EN 15251 (CEN 2007) however, allows the more flexible adaptive comfort standard to be applied
to buildings operating under NV mode. Results from this study favor EN15251’s application of
the adaptive comfort model instead of PMV-PPD to MM buildings when they are operating in NV
mode.
KEYWORDS
Thermal comfort, mixed-mode ventilation, comfort standards
INTRODUCTION
The basic concept of mixed-mode (MM) or ‘hybrid’ ventilation is to maintain satisfactory indoor
environments by alternating between and combining natural and mechanical systems. Utilizing a
naturally-ventilated (NV) or ‘free-running’ mode providing good air quality and thermal comfort,
these buildings will revert to mechanical systems for heating, ventilation and air-conditioning
(HVAC) whenever external conditions make the NV option untenable for occupants (Brager
2006). Previous studies document the disparities between steady-state and adaptive comfort
models in air-conditioned (AC) and NV buildings (Humphreys and Nicol 1998), highlighting the
inadequacy of static models for describing thermal comfort in ‘free-running’ buildings (Nicol and
Humphreys 2010). However, in a building that switches between AC and NV environments which
comfort model should be applied?
Comfort Standards
International comfort standards, e.g. ASHRAE Standard 55 (ASHRAE 2010) and EN 15251
(CEN 2007) provide guidelines produced from combinations of air temperature, thermal radiation,
humidity, air speed, metabolic activity and clothing to ensure thermal environmental conditions
that will be acceptable to 80% or more of the occupants within a space. Earlier versions cover
287
thermal comfort under steady-state conditions based on laboratory experiments; however more
recent revisions have utilised global field study databases, e.g. ASHRAE and SCATS (Nicol and
Humphreys 2010). Following detailed field studies from around the world, the 2004 edition of
ASHRAE’s Standard 55 (2010) included an Adaptive Comfort Standard (ACS) as an alternative
to the Predicted Mean Vote (PMV)-based method for free-running, i.e. NV buildings (de Dear and
Brager 2002; Nicol and Humphreys 2002). At the time of ASHRAE 55-2004 going to press,
insufficient studies undertaken in MM buildings meant they were excluded from the scope of the
ACS (de Dear and Brager 2002). ASHRAE clarifies that when mechanical cooling systems are
provided for the space, as is the case for many MM buildings, the ACS is not applicable. Thus, the
potential flexibility offered by the standard is not available to MM buildings, which may operate
in a passive, NV mode preferentially, equipped with only supplemental cooling and heating for
peak periods; or that control airflow using a building energy management system rather than
occupant intervention; or to spaces where operable elements are not connected to the outdoors,
must therefore resort to the more restrictive PMV-PPD method regardless of which mode they
happen to be operating under (Turner 2008).
METHODS
Sydney’s Climate
The Sydney metropolitan region, located on the eastern coast of Australia (34°S, 151°E), is often
characterised by a moderately temperate climate. Influenced from complex elevated topography
surrounding the region to the north, west and south, and due to close proximity to the Tasman Sea
to the east, Sydney avoids the high temperatures commonly associated with more inland regions
as well as the high humidity of tropical coastal areas (Bureau of Meteorology 1991). Given the
city’s very moderate yearly seasonal variations, Sydney’s climate is well suited to MM buildings.
Case Study Building
Macquarie University's (MQ) North Ryde campus is located within the Sydney metropolitan
region. Commissioned in 2006, the Commerce building (pictured below) is a 7-storey office
building occupied by academic and administrative staff from the Faculty of Business and
Economics. Figure 1 below depicts the north and south perimeter zones consist of MM cellular
offices with operable windows separated by a central open-plan office zone with full-time AC.

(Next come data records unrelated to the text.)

lemma dephasing_kraus:
  assumes D: "D \<in> carrier_mat n m" "nonneg_mat D" and Y: "Y \<in> carrier_mat n n"
  shows "kraus_map m (dephasing_op D) ({..<n} \<times> {..<m}) Y =
    mat m m (\<lambda>(s,t). if s = t then \<Sum>p<n. of_real (D$$(p,s)) * Y$$(p,p) else 0)"
proof (rule eq_matI)
  fix s t assume "s < dim_row (mat m m (\<lambda>(s,t). if s = t then \<Sum>p<n. of_real (D$$(p,s)) * Y$$(p,p) else 0))"
    "t < dim_col (mat m m (\<lambda>(s,t). if s = t then \<Sum>p<n. of_real (D$$(p,s)) * Y$$(p,p) else 0))"
  then have st: "s < m" "t < m" by auto
  have "kraus_map m (dephasing_op D) ({..<n} \<times> {..<m}) Y $$ (s,t) =
      (\<Sum>p<n. \<Sum>q<m. (cadj (dephasing_op D (p,q)) * Y * dephasing_op D (p,q)) $$ (s,t))"
    using st by (simp add: kraus_map_def msum_def sum.cartesian_product)
  also have "\<dots> = (\<Sum>p<n. \<Sum>q<m. if s = q \<and> t = q then of_real (D$$(p,q)) * Y$$(p,p) else 0)"
    using st by (intro sum.cong refl) (simp add: dephasing_sandwich[OF D _ _ Y])
  also have "\<dots> = (if s = t then \<Sum>p<n. of_real (D$$(p,s)) * Y$$(p,p) else 0)"
    using st by (cases "s = t") (auto simp: sum.delta' intro!: sum.neutral)
  finally show "kraus_map m (dephasing_op D) ({..<n} \<times> {..<m}) Y $$ (s,t) =
      mat m m (\<lambda>(s,t). if s = t then \<Sum>p<n. of_real (D$$(p,s)) * Y$$(p,p) else 0) $$ (s,t)"
    using st by simp
qed (simp_all add: kraus_map_def msum_def)

lemma dephasing_kraus_diag:
  assumes D: "D \<in> carrier_mat n m" "nonneg_mat D"
  shows "kraus_map m (dephasing_op D) ({..<n} \<times> {..<m}) (cdiag n \<alpha>) = cdiag m (\<lambda>q. \<Sum>p<n. D$$(p,q) * \<alpha> p)"
  by (auto simp: dephasing_kraus[OF D] cdiag_def intro!: eq_matI sum.cong)
(* Let $G$ be a group. (i) If $\leq$ is a quasi-total order on $G$, then $\leq$ is admissible and for every dominant $g\in G^{++}$ the growth function $\gamma_g$ is a nonzero homogeneous quasimorphism. (ii) Conversely, for every nonzero homogeneous quasimorphism $f:G\to\mathbb{R}$ there exist a quasi-total order $\leq$ on $G$ and a dominant $g\in G^{++}$ of $(G,\leq)$ such that $f$ is a positive multiple of the growth function $\gamma_g$ of $\leq$.
   Context: A partial order $\leq$ on a group $G$ is bi-invariant if $g\leq h$ implies $gk\leq hk$ and $kg\leq kh$ for all $g,h,k\in G$. Its order semigroup is $G^+=\{g\in G: g\geq e\}$, and its set of dominants is $G^{++}=\{g\in G^+\setminus\{e\}: \forall h\in G\ \exists n\in\mathbb{N}_0,\ g^n\geq h\}$; the order is admissible if $G^{++}\neq\emptyset$. For $g\in G^{++}$ the growth function is $\gamma_g(h)=\lim_{n\to\infty}\frac{1}{n}\inf\{p\in\mathbb{Z}: g^p\geq h^n\}$. A map $f:G\to\mathbb{R}$ is a quasimorphism if $\sup_{h,k}|f(hk)-f(h)-f(k)|<\infty$, and homogeneous if $f(h^n)=nf(h)$ for all $n\in\mathbb{N}$. A half-space filtration of a set $X$ is a family $\{H_n\}_{n\in\mathbb{Z}}$ of subsets with $H_{n+1}\subsetneq H_n$ for all $n$, $\bigcap_n H_n=\emptyset$ and $\bigcup_n H_n=X$. The height of $a\in X$ is $h(a)=\sup\{n\in\mathbb{Z}: a\in H_n\}$, and $h(a,b)=h(a)-h(b)$. A triple $(X,\preceq,\{H_n\})$ is a half-space order if $(X,\preceq)$ is a poset, $\{H_n\}$ is a half-space filtration of $X$, and there is a constant $w$ with $h(a,b)\geq w\Rightarrow a\succeq b$ for all $a,b\in X$. An action of a group $G$ on $X$ (by bijections, not necessarily order-preserving) is by quasi-automorphisms if there is $d$ with $|h(ga,gb)-h(a,b)|\leq d$ for all $g\in G$, $a,b\in X$; it is unbounded if there exist $g\in G$, $a\in X$ with $h(g^n a)\to\pm\infty$ as $n\to\pm\infty$. Given an effective $G$-action on a poset $(X,\preceq)$, the induced order on $G$ is $g\leq h :\Leftrightarrow \forall k\in G\ \forall x\in X:\ (kg).x\preceq (kh).x$; it is bi-invariant. A quasi-total order on $G$ is an order induced in this way from an effective, unbounded action by quasi-automorphisms of $G$ on some half-space order. *)

theory Defs
  imports "HOL-Analysis.Analysis" "HOL-Algebra.Group_Action"
begin

text \<open>Groups are HOL-Algebra groups G with carrier G; partial orders on G are
  binary predicates leq, only their restriction to the carrier matters.\<close>

definition order_semigroup :: "'a monoid \<Rightarrow> ('a \<Rightarrow> 'a \<Rightarrow> bool) \<Rightarrow> 'a set" where
  "order_semigroup G leq = {g \<in> carrier G. leq \<one>\<^bsub>G\<^esub> g}"

definition dominants :: "'a monoid \<Rightarrow> ('a \<Rightarrow> 'a \<Rightarrow> bool) \<Rightarrow> 'a set" where
  "dominants G leq = {g \<in> order_semigroup G leq - {\<one>\<^bsub>G\<^esub>}.
      \<forall>h\<in>carrier G. \<exists>n::nat. leq h (g [^]\<^bsub>G\<^esub> n)}"

definition admissible :: "'a monoid \<Rightarrow> ('a \<Rightarrow> 'a \<Rightarrow> bool) \<Rightarrow> bool" where
  "admissible G leq \<longleftrightarrow> dominants G leq \<noteq> {}"

definition growth_seq :: "'a monoid \<Rightarrow> ('a \<Rightarrow> 'a \<Rightarrow> bool) \<Rightarrow> 'a \<Rightarrow> 'a \<Rightarrow> nat \<Rightarrow> real" where
  "growth_seq G leq g h n =
     real_of_int (Inf {p::int. leq (h [^]\<^bsub>G\<^esub> n) (g [^]\<^bsub>G\<^esub> p)}) / real n"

Automated high and low external louvres provide natural ventilation to each floor, with adjustable
internal grilles to control airflow, supplemented by user-operable windows with additional solar
shading features over the northern (sun-facing) windows (Photos 1 and 2). Indoor temperature and
outdoor weather sensors prompt the Building Management System (BMS) to switch into AC
mode whenever a temperature greater than 25°C is sensed within any zone. During AC mode,
internal temperatures are maintained at 24°C (±1.5°C) as defined in the building’s algorithm.
BMS switch-over to NV is conditional when external meteorological conditions and the indoor
thermal climate fall into an acceptable zone for the occupants. As shown in Photo 3, panels
located at the entrance of each corridor indicate the current operation of each zone.
Photo 1. MQ, Commerce
building (North/sunny facade)
Photo 2. MQ, Commerce
building (South facade)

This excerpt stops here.